Site information
- Owner: United States Department of Defense
- Operator: United States Navy
- Open to the public: No

Location
- Coordinates: 41°40′10″N 70°16′49″W﻿ / ﻿41.66944°N 70.28028°W

Site history
- Built: 1942
- In use: 1945
- Fate: Turned over to civilian use
- Battles/wars: World War II

Airfield information
- Elevation: 18 metres (59 ft) AMSL
Runways
| Direction | Length and surface |
| 6/24 | 1,219 metres (3,999 ft) Asphalt |
| 9/27 | 1,219 metres (3,999 ft) Asphalt |
| 15/33 | 1,219 metres (3,999 ft) Asphalt |

= Naval Auxiliary Air Facility Hyannis =

Former military airport in Cape Cod, Massachusetts, United States (1942–1945)

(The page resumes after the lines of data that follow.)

(* Let $N\in\mathbb{N}$ and $\Lambda\subseteq P_N$. (i) If $\{(W_n,A_n,\Theta_n)\}_{n\in\mathbb{N}}$ is a sequence in $\mathbb{D}_N$ converging to $(w,a,\theta)\in\mathcal{D}_N$, then $\lim_{n\to\infty}\pi_\Lambda(W_n,A_n,\Theta_n)=\pi_\Lambda(w,a,\theta)$. (ii) The set $\mathcal{D}_N$ is path-connected and contains $\mathcal{T}_N^+$. Furthermore, if $N\ge1$, its interior is $\mathcal{D}_N^\circ=\{(w,a,\theta)\in\mathcal{D}_N:a^{-1}[0]=\emptyset\}$, and it decomposes into $2^N$ simply-connected components $\mathcal{D}^\circ_{N,\Lambda}:=\{(w,a,\theta)\in\mathcal{D}_N^\circ:a^{-1}[-\mathcal{C}]=\Lambda\}$, $\Lambda\subseteq P_N$.
   Context: $\mathbb{N}=\{0,1,\dots\}$, $P_N=\{1,\dots,N\}$ ($P_0=\emptyset$); vectors are functions on $P_N$, $v^{-1}[S]=\{\ell:v_\ell\in S\}$, $\mathrm{Tr}(v,\Lambda):=\sum_{\ell\in\Lambda}v_\ell$, $N(\Lambda):=N-|\Lambda|$. $\mathcal{C}:=\{z:\mathrm{Re}(z)>0\text{ or }z\in i\mathbb{R}_{>0}\}$, $\mathcal{C}^\circ$ the open right half-plane. For $N\ge1$: $\mathbb{D}_N:=\{(w,a,\theta)\in\mathbb{C}\times\mathbb{C}^N\times\mathbb{R}^N:a^{-1}[0]\subseteq\theta^{-1}[\mathbb{R}\smallsetminus\mathbb{Z}]\}$, $\pi(w,a,\theta):=w-\mathrm{Tr}(a,a^{-1}[-\mathcal{C}])$, $\mathcal{D}_N:=\{(w,a,\theta)\in\mathbb{D}_N:\pi(w,a,\theta)\in\mathcal{C}^\circ,\ a_\ell\notin i\mathbb{R}\smallsetminus\{0\}\ \forall\ell\}$, $\mathcal{T}_N^+:=\{(w,a,\theta):\mathrm{Re}(w)>0,\mathrm{Re}(a_\ell)>0\ \forall\ell\}$. For $N=0$: $\mathbb{D}_0=\mathbb{C}$, $\mathcal{D}_0=\mathcal{T}_0^+=\{w:\mathrm{Re}(w)>0\}$. Projections $\pi_\Lambda:\mathbb{D}_N\to\mathbb{D}_{N(\Lambda)}$: identity if $\Lambda=\emptyset$; $\pi$ if $\Lambda=P_N\ne\emptyset$; otherwise $\pi_\Lambda(w,a,\theta):=(w-\mathrm{Tr}(a,\Lambda\cap a^{-1}[-\mathcal{C}]),a\circ\varphi,\theta\circ\varphi)$ with $\varphi$ the strictly increasing bijection $P_{N(\Lambda)}\to P_N\smallsetminus\Lambda$. *)

theory Defs
  imports "HOL-Analysis.Analysis"
begin

(* Points (w,a,theta) of C x C^N x R^N are represented as elements of
   complex \<times> (nat \<Rightarrow> complex) \<times> (nat \<Rightarrow> real), where the vectors a, theta
   are indexed by P_N = {1..N} and are 0 at all indices outside P_N.
   The ambient space C x C^N x R^N is the set ambient N below (with the
   product topology, which coincides with the Euclidean topology there). *)

type_synonym pt = "complex \<times> (nat \<Rightarrow> complex) \<times> (nat \<Rightarrow> real)"

definition PN :: "nat \<Rightarrow> nat set" where
  "PN N = {1..N}"

definition ambient :: "nat \<Rightarrow> pt set" where
  "ambient N = {(w,a,\<theta>). \<forall>l. l \<notin> PN N \<longrightarrow> a l = 0 \<and> \<theta> l = 0}"

definition Trc :: "(nat \<Rightarrow> complex) \<Rightarrow> nat set \<Rightarrow> complex" where
  "Trc v \<Lambda> = (\<Sum>l\<in>\<Lambda>. v l)"

definition Nrem :: "nat \<Rightarrow> nat set \<Rightarrow> nat" where
  "Nrem N \<Lambda> = N - card \<Lambda>"
(* Let $\alpha\in\ell^2$ and suppose $R_\alpha$ is bounded on $\ell^2$. Let $\mathcal{L}=\lim_{n\to\infty}L([n,\infty))$. Then $\|R_\alpha\|_e=\mathcal{L}/\sqrt2$. In particular, $R_\alpha$ is compact if and only if $\mathcal{L}=0$.
   Context: $\mathbb{N}=\{0,1,2,\dots\}$; $(R_\alpha f)(k)=\alpha_k\sum_{j=0}^kf(j)$. Essential norm: $\|T\|_e=\inf\{\|T-P\|:P$ finite rank$\}$. For a finite natural interval $I$: $\mu(I)=\sum_{k\in I}|\alpha_k|^2$, $\|f\|_{2,I}=(\sum_{k\in I}|f(k)|^2)^{1/2}$, $l(I,f)=\sum_{k\in I}\sum_{n\in I\setminus\{k\}}|\alpha_k\alpha_n\sum_{j=\min(k,n)+1}^{\max(k,n)}f(j)|^2$, $L(I)=(\sup_{\|f\|_{2,I}\le1}l(I,f)/\mu(I))^{1/2}$ (sup over $f$ supported in $I$; $L(I)=0$ if $\alpha$ vanishes on $I$); $L([a,\infty))=\sup_{b\ge a}L([a,b])$. *)

theory Defs
  imports "HOL-Analysis.Analysis"
begin

definition l2 :: "(nat \<Rightarrow> complex) \<Rightarrow> bool" where
  "l2 f \<longleftrightarrow> summable (\<lambda>k. (cmod (f k))^2)"

definition l2norm :: "(nat \<Rightarrow> complex) \<Rightarrow> real" where
  "l2norm f = sqrt (\<Sum>k. (cmod (f k))^2)"

definition Ralpha :: "(nat \<Rightarrow> complex) \<Rightarrow> (nat \<Rightarrow> complex) \<Rightarrow> (nat \<Rightarrow> complex)" where
  "Ralpha \<alpha> f = (\<lambda>k. \<alpha> k * (\<Sum>j\<le>k. f j))"

text \<open>T is a bounded operator on l2 (only its action on l2 matters).\<close>
definition bounded_op :: "((nat \<Rightarrow> complex) \<Rightarrow> (nat \<Rightarrow> complex)) \<Rightarrow> bool" where
  "bounded_op T \<longleftrightarrow> (\<forall>f. l2 f \<longrightarrow> l2 (T f)) \<and>
     (\<exists>C. \<forall>f. l2 f \<longrightarrow> l2norm (T f) \<le> C * l2norm f)"
lemma fs_inj_from_nat_imp_FSM_dedekind_infinite:
  fixes f :: "nat \<Rightarrow> 'x"
  assumes U: "SA_set act U" "X \<subseteq> U" and f: "inj f" "fs_fun triv_act UNIV act X f"
  shows "FSM_dedekind_infinite act X"
proof -
  obtain S where "finite S" and S: "\<forall>\<pi>\<in>Fix S. act \<pi> ` X = X \<and> (\<forall>n. act \<pi> (f n) = f n)"
    using f(2) unfolding fs_fun_def triv_act_def by (metis UNIV_I)
  have fX: "range f \<subseteq> X"
    using f(2) by (simp add: fs_fun_def)
  have inj_act: "inj_on (act \<pi>) U" if "\<pi> \<in> Fix S" for \<pi>
    using SA_set_inj_on[OF U(1)] that by (simp add: Fix_def)
  have fix_f: "act \<pi> (f n) = f n" if "\<pi> \<in> Fix S" for \<pi> n
    using S that by blast
  have commute: "shift_along f (act \<pi> x) = act \<pi> (shift_along f x)" if "\<pi> \<in> Fix S" "x \<in> X" for \<pi> x
    using shift_along_commute[OF inj_act[OF that(1)] fix_f[OF that(1)] f(1)] fX U(2) that(2) by blast
  have Z_inv: "act \<pi> ` (X - {f 0}) = X - {f 0}" if "\<pi> \<in> Fix S" for \<pi>
  proof -
    have "act \<pi> ` (X - {f 0}) = act \<pi> ` X - {act \<pi> (f 0)}"
      using inj_on_image_set_diff[OF inj_act[OF that], of X "{f 0}"] fX U(2) by auto
    also have "\<dots> = X - {f 0}"
      using S that by simp
    finally show ?thesis .
  qed
  have bij: "bij_betw (shift_along f) X (X - {f 0})"
    using bij_betw_shift_along[OF f(1) fX] .
  show ?thesis
    unfolding FSM_dedekind_infinite_def
  proof (intro exI[of _ "shift_along f"] exI[of _ "X - {f 0}"] conjI)
    show "fs_subset act (X - {f 0})"
      unfolding fs_subset_def using \<open>finite S\<close> Z_inv by blast
    show "X - {f 0} \<subset> X"
      using fX by auto
    show "fs_fun act X act (X - {f 0}) (shift_along f)"
      unfolding fs_fun_def
    proof (intro conjI exI[of _ S] ballI)
      show "shift_along f ` X \<subseteq> X - {f 0}"
        using bij by (simp add: bij_betw_def)
      show "act \<pi> ` X = X" if "\<pi> \<in> Fix S" for \<pi>
        using S that by blast
    qed (use \<open>finite S\<close> Z_inv commute in auto)
  qed (fact bij)
qed

lemma FSM_dedekind_infinite_imp_infinite_uniform_subset:
  assumes "\<forall>x\<in>X. fin_supp act x" "FSM_dedekind_infinite act X"
  shows "has_infinite_uniform_subset act X"
proof -
  obtain f :: "nat \<Rightarrow> _" where "inj f" "fs_fun triv_act UNIV act X f"
    using FSM_dedekind_infinite_imp_fs_inj_from_nat[OF assms] by blast
  then have "range f \<subseteq> X" "infinite (range f)" "uniformly_supported act (range f)"
    by (simp_all add: fs_fun_from_nat_iff range_inj_infinite)
  then show ?thesis
    by blast
qed

lemma infinite_uniform_subset_imp_FSM_dedekind_infinite:
  fixes X :: "'x set"
  assumes U: "SA_set act U" "X \<subseteq> U" and "fs_subset act X" and "has_infinite_uniform_subset act X"
  shows "FSM_dedekind_infinite act X"
proof -
  obtain Z where Z: "Z \<subseteq> X" "infinite Z" "uniformly_supported act Z"
    using assms(4) by blast
  obtain f :: "nat \<Rightarrow> 'x" where "inj f" "range f \<subseteq> Z"
    using infinite_countable_subset[OF Z(2)] by blast
  moreover have "uniformly_supported act (range f)"
    using uniformly_supported_subset[OF Z(3) \<open>range f \<subseteq> Z\<close>] .
  ultimately have "fs_fun triv_act UNIV act X f"
    using Z(1) \<open>fs_subset act X\<close> by (auto simp: fs_fun_from_nat_iff)
  then show ?thesis
    by (rule fs_inj_from_nat_imp_FSM_dedekind_infinite[OF U \<open>inj f\<close>])
qed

Naval Auxiliary Air Facility Hyannis was a United States Navy facility located in Hyannis, Massachusetts operational from 1942 to 1945. It existed as an auxiliary air facility of Naval Air Station Quonset Point.

==History==
From 1942 to 1943, the facility was operated by the United States Army Air Forces as Hyannis Army Air Field and operated Douglas B-18 Bolo aircraft on anti-submarine patrols under the operational control of Westover Field. In 1943. the United States Navy took control of the facility and trained many aviators.

==Redevelopment==
Today, the field operates as Barnstable Municipal Airport.